*WORKING DATA:*
(* Let $n=n_1+\dots+n_k=p+q$ with positive integers, let $G=U(n)$, let $L=U(n_1)\times\cdots\times U(n_k)$ and $H=U(p)\times U(q)$ be the natural block-diagonal subgroups of $G$, and let $G'=O(n)$. If $\min(p,q)=2$ and $k\ge 4$, then $LG'H\subsetneq G$.
   Context: $LG'H=\{xyz:x\in L,y\in G',z\in H\}$. *)

theory Defs
  imports Complex_Main "Jordan_Normal_Form.Matrix"
begin

definition ctrans :: "complex mat \<Rightarrow> complex mat" where
  "ctrans A = mat (dim_col A) (dim_row A) (\<lambda>(i,j). cnj (A $$ (j,i)))"

definition unitary_group :: "nat \<Rightarrow> complex mat set" where
  "unitary_group n = {A \<in> carrier_mat n n. A * ctrans A = 1\<^sub>m n}"

definition orthogonal_group :: "nat \<Rightarrow> complex mat set" where
  "orthogonal_group n = {A \<in> unitary_group n. \<forall>i<n. \<forall>j<n. A $$ (i,j) \<in> \<real>}"

definition same_block :: "nat list \<Rightarrow> nat \<Rightarrow> nat \<Rightarrow> bool" where
  "same_block ns i j = (\<exists>m<length ns.
      sum_list (take m ns) \<le> i \<and> i < sum_list (take (Suc m) ns) \<and>
      sum_list (take m ns) \<le> j \<and> j < sum_list (take (Suc m) ns))"

definition block_unitary_group :: "nat list \<Rightarrow> complex mat set" where
  "block_unitary_group ns = {A \<in> unitary_group (sum_list ns).
      \<forall>i<sum_list ns. \<forall>j<sum_list ns. \<not> same_block ns i j \<longrightarrow> A $$ (i,j) = 0}"

definition triple_prod :: "complex mat set \<Rightarrow> complex mat set \<Rightarrow> complex mat set \<Rightarrow> complex mat set" where
  "triple_prod X Y Z = {x * y * z | x y z. x \<in> X \<and> y \<in> Y \<and> z \<in> Z}"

*ASSIGNMENT:*
Show every line in the listing above that carries the word "ctrans".

*EXERCISE SOLUTION:*
definition ctrans :: "complex mat \<Rightarrow> complex mat" where
  "ctrans A = mat (dim_col A) (dim_row A) (\<lambda>(i,j). cnj (A $$ (j,i)))"
  "unitary_group n = {A \<in> carrier_mat n n. A * ctrans A = 1\<^sub>m n}"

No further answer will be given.